(Exercise prompt) Scan the entries below. Return every line that includes "thesis".

Stored items:
---*---
(* In the calculus $\lambda^{RE}$ described in the context: if $e_1\Rrightarrow^*e_2$, then for every constant $c$, $e_1\to^*c$ if and only if $e_2\to^*c$.
   Context: Syntax of $\lambda^{RE}$. Basic types $b ::= \mathsf{Bool}\mid\mathsf{Unit}$. Constants $c ::= \mathsf{true}\mid\mathsf{false}\mid\mathsf{unit}\mid (=_b)\mid (=_{(c,b)})$. Expressions $e ::= c\mid x\mid e\ e\mid \lambda x{:}\tau.\,e\mid \mathsf{BEq}_b\ e\ e\ e\mid \mathsf{XEq}_{x:\tau\to\tau}\ e\ e\ e$. Values $v ::= c\mid \lambda x{:}\tau.\,e\mid \mathsf{BEq}_b\ e\ e\ v\mid \mathsf{XEq}_{x:\tau\to\tau}\ e\ e\ v$. Types $\tau ::= \{x{:}b\mid e\}\mid x{:}\tau\to\tau\mid \mathsf{PEq}_{\tau}\{e\}\{e\}$. $e[x:=e']$ is capture-avoiding substitution. Reduction: evaluation contexts $E ::= \bullet\mid E\ e\mid v\ E\mid \mathsf{BEq}_b\ e\ e\ E\mid\mathsf{XEq}_{x:\tau\to\tau}\ e\ e\ E$; $E[e]\to E[e']$ if $e\to e'$; $(\lambda x{:}\tau.\,e)\ v\to e[x:=v]$; $(=_b)\ c_1\to(=_{(c_1,b)})$; $(=_{(c_1,b)})\ c_2\to\mathsf{true}$ if $c_1,c_2$ syntactically equal, else $\to\mathsf{false}$. $\to^*$ is the reflexive–transitive closure. Parallel reduction $e\Rrightarrow e'$ and $\tau\Rrightarrow\tau'$ is defined inductively: $x\Rrightarrow x$; $c\Rrightarrow c$; $\lambda x{:}\tau.e\Rrightarrow\lambda x{:}\tau'.e'$ if $\tau\Rrightarrow\tau'$, $e\Rrightarrow e'$; $e_1\ e_2\Rrightarrow e_1'\ e_2'$ if $e_i\Rrightarrow e_i'$; $(\lambda x{:}\tau.e)\ v\Rrightarrow e'[x:=v']$ if $e\Rrightarrow e'$ and $v\Rrightarrow v'$; $(=_b)\ c_1\Rrightarrow(=_{(c_1,b)})$; $(=_{(c_1,b)})\ c_2\Rrightarrow d$ where $d=\mathsf{true}$ if $c_1,c_2$ are syntactically equal and $\mathsf{false}$ otherwise; $\mathsf{BEq}_b\ e_l\ e_r\ e\Rrightarrow\mathsf{BEq}_b\ e_l'\ e_r'\ e'$ if $e_l\Rrightarrow e_l'$, $e_r\Rrightarrow e_r'$, $e\Rrightarrow e'$; $\mathsf{XEq}_{x:\tau_x\to\tau}\ e_l\ e_r\ e\Rrightarrow\mathsf{XEq}_{x:\tau_x'\to\tau'}\ e_l'\ e_r'\ e'$ if all five components parallel reduce; on types: $\{x{:}b\mid r\}\Rrightarrow\{x{:}b\mid r'\}$ if $r\Rrightarrow r'$; $x{:}\tau_x\to\tau\Rrightarrow x{:}\tau_x'\to\tau'$ if $\tau_x\Rrightarrow\tau_x'$, $\tau\Rrightarrow\tau'$; $\mathsf{PEq}_\tau\{e_l\}\{e_r\}\Rrightarrow\mathsf{PEq}_{\tau'}\{e_l'\}\{e_r'\}$ if all components parallel reduce. $\Rrightarrow^*$ is the reflexive–transitive closure of $\Rrightarrow$. *)

theory Defs
  imports Main
begin
lemma set_integrable_UN_incseq:
  assumes L: "\<And>n. L n \<in> sets M" "\<And>n. emeasure M (L n) < \<infinity>" "incseq L"
    and lim: "(\<lambda>n. LINT x:L n|M. f x) \<longlonglongrightarrow> l"
  shows "set_integrable M (\<Union>n. L n) f"
  unfolding set_integrable_def
proof (rule integrable_monotone_convergence[where f = "\<lambda>n x. indicator (L n) x *\<^sub>R f x" and x = l])
  have S: "sigma_finite_set M (\<Union>n. L n)"
    using L(1,2) by (rule sigma_finite_set_UN)
  show "integrable M (\<lambda>x. indicator (L n) x *\<^sub>R f x)" for n
    using set_integrable_finite[OF L(1,2)] by (simp only: set_integrable_def)
  show "AE x in M. mono (\<lambda>n. indicator (L n) x *\<^sub>R f x)"
    using locally_nonneg_AE[OF nonneg S]
  proof eventually_elim
    case (elim x)
    show ?case
    proof (rule monoI)
      fix m n :: nat assume "m \<le> n"
      with \<open>incseq L\<close> have "L m \<subseteq> L n"
        by (rule monoD)
      then show "indicator (L m) x *\<^sub>R f x \<le> indicator (L n) x *\<^sub>R f x"
        using elim by (auto split: split_indicator)
    qed
  qed
  show "AE x in M. (\<lambda>n. indicator (L n) x *\<^sub>R f x) \<longlonglongrightarrow> indicator (\<Union>n. L n) x *\<^sub>R f x"
  proof (rule AE_I2)
    fix x
    show "(\<lambda>n. indicator (L n) x *\<^sub>R f x) \<longlonglongrightarrow> indicator (\<Union>n. L n) x *\<^sub>R f x"
    proof (cases "x \<in> (\<Union>n. L n)")
      case True
      then obtain m where "x \<in> L m"
        by blast
      then have "\<forall>\<^sub>F n in sequentially. indicator (L n) x *\<^sub>R f x = indicator (\<Union>n. L n) x *\<^sub>R f x"
        using \<open>incseq L\<close> True unfolding eventually_sequentially
        by (intro exI[of _ m]) (auto simp: incseq_def subset_eq)
      then show ?thesis
        by (rule tendsto_eventually)
    qed simp
  qed
  show "(\<lambda>n. integral\<^sup>L M (\<lambda>x. indicator (L n) x *\<^sub>R f x)) \<longlonglongrightarrow> l"
    using lim by (simp only: set_lebesgue_integral_def)
  have "set_borel_measurable M (\<Union>n. L n) f"
    using Linfty S by (auto simp: Linfty_def intro: locally_borel_measurable_set_borel_measurable)
  then show "(\<lambda>x. indicator (\<Union>n. L n) x *\<^sub>R f x) \<in> borel_measurable M"
    unfolding set_borel_measurable_def .
qed

lemma AE_eq_0_outside_exhaustion:
  assumes bdd: "bdd_above ((\<lambda>L. LINT x:L|M. f x) ` {L. compact L})"
    and L: "\<And>n. compact (L n)" "(\<lambda>n. LINT x:L n|M. f x) \<longlonglongrightarrow> Sup ((\<lambda>L. LINT x:L|M. f x) ` {L. compact L})"
    and K: "compact K" "K \<inter> (\<Union>n. L n) = {}"
  shows "AE x\<in>K in M. f x = 0"
proof (rule AE_eq_0_if_set_integral_eq_0)
  define s where "s = Sup ((\<lambda>L. LINT x:L|M. f x) ` {L. compact L})"
  show K_sets: "K \<in> sets M"
    using K(1) by (rule compact_measurable)
  show K_finite: "emeasure M K < \<infinity>"
    using K(1) by (rule emeasure_compact_finite)
  have "(LINT x:K|M. f x) \<le> s - (LINT x:L n|M. f x)" for n
  proof -
    have "(LINT x:L n|M. f x) + (LINT x:K|M. f x) = (LINT x:L n \<union> K|M. f x)"
      using K L(1)
      by (intro set_integral_Un[symmetric] set_integrable_finite compact_measurable
          emeasure_compact_finite) auto
    also have "\<dots> \<le> s"
      unfolding s_def using bdd compact_Un[OF L(1) K(1)] by (intro cSup_upper) auto
    finally show ?thesis
      by simp
  qed
  moreover have "(\<lambda>n. s - (LINT x:L n|M. f x)) \<longlonglongrightarrow> 0"
    using tendsto_diff[OF tendsto_const L(2), of s] by (simp add: s_def)
  ultimately have "(LINT x:K|M. f x) \<le> 0"
    by (intro LIMSEQ_le_const[of _ 0]) auto
  then show "(LINT x:K|M. f x) = 0"
    using set_integral_nonneg_finite[OF K_sets K_finite] by simp
qed

lemma exists_sigma_compact_exhaustion:
  assumes bdd: "bdd_above ((\<lambda>L. LINT x:L|M. f x) ` {L. compact L})"
  obtains S where "sigma_finite_set M S" "set_integrable M S f"
    "\<And>K. compact K \<Longrightarrow> K \<inter> S = {} \<Longrightarrow> AE x\<in>K in M. f x = 0"
proof -
  have mono: "(LINT x:K|M. f x) \<le> (LINT x:L|M. f x)" if "compact L" "K \<subseteq> L" "compact K" for K L
    using that by (intro set_integral_mono_finite compact_measurable emeasure_compact_finite)
  obtain L where L: "\<And>n. compact (L n)" "incseq L"
    and lim: "(\<lambda>n. LINT x:L n|M. f x) \<longlonglongrightarrow> Sup ((\<lambda>L. LINT x:L|M. f x) ` {L. compact L})"
    using exists_compact_incseq_tendsto_Sup[OF mono bdd] by blast
  have L_sets: "L n \<in> sets M" for n
    using L(1) by (rule compact_measurable)
  have L_finite: "emeasure M (L n) < \<infinity>" for n
    using L(1) by (rule emeasure_compact_finite)
  show ?thesis
  proof (rule that)
    show "sigma_finite_set M (\<Union>n. L n)"
      using L_sets L_finite by (rule sigma_finite_set_UN)
    show "set_integrable M (\<Union>n. L n) f"
      using L_sets L_finite L(2) lim by (rule set_integrable_UN_incseq)
  qed (use AE_eq_0_outside_exhaustion[OF bdd L(1) lim] in blast)
qed

end

theorem proposition5p2:
  fixes M :: "'a::{topological_ab_group_add, t2_space} measure"
    and f :: "'a \<Rightarrow> real"
  assumes "lca_group TYPE('a)"
    and "haar_measure M"
    and "Linfty M f"
    and "locally_null M {x. f x < 0}"
    and "\<And>g. integrable M g \<Longrightarrow> (AE x in M. 0 \<le> g x) \<Longrightarrow> integrable M (conv M f g)"
  shows "(\<exists>f'. locally_null M {x. f' x \<noteq> f x} \<and> integrable M f')
    \<and> (bounded (range f) \<and> continuous_on UNIV f \<longrightarrow> integrable M f)"
proof -
  interpret nonneg_Linfty M f
    using assms(2-4) by unfold_locales
  have "bdd_above ((\<lambda>L. LINT x:L|M. f x) ` {L. compact L})"
  proof (rule bdd_above_set_integral_compact[OF assms(1)])
    fix K :: "'a set" assume "compact K"
    then show "integrable M (conv M f (indicator K))"
      by (intro assms(5) integrable_real_indicator compact_measurable emeasure_compact_finite) auto
  qed
  then obtain S where S: "sigma_finite_set M S" "set_integrable M S f"
    and null_outside: "\<And>K. compact K \<Longrightarrow> K \<inter> S = {} \<Longrightarrow> AE x\<in>K in M. f x = 0"
    by (rule exists_sigma_compact_exhaustion) (rule that)
  have null: "locally_null M {x. indicator S x *\<^sub>R f x \<noteq> f x}"
    using Linfty S(1) null_outside
    by (intro locally_null_outside_support) (auto simp: Linfty_def sigma_finite_set_def)
  have int: "integrable M (\<lambda>x. indicator S x *\<^sub>R f x)"
    using S(2) by (simp only: set_integrable_def)
  show ?thesis
  proof (intro conjI impI exI)
    assume "bounded (range f) \<and> continuous_on UNIV f"
    then show "integrable M f"
      using integrable_if_continuous_locally_eq[OF _ int null] by blast
  qed (fact null int)+
qed

end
---*---
(Task output)
      then show ?thesis
    finally show ?thesis
  show ?thesis
  show ?thesis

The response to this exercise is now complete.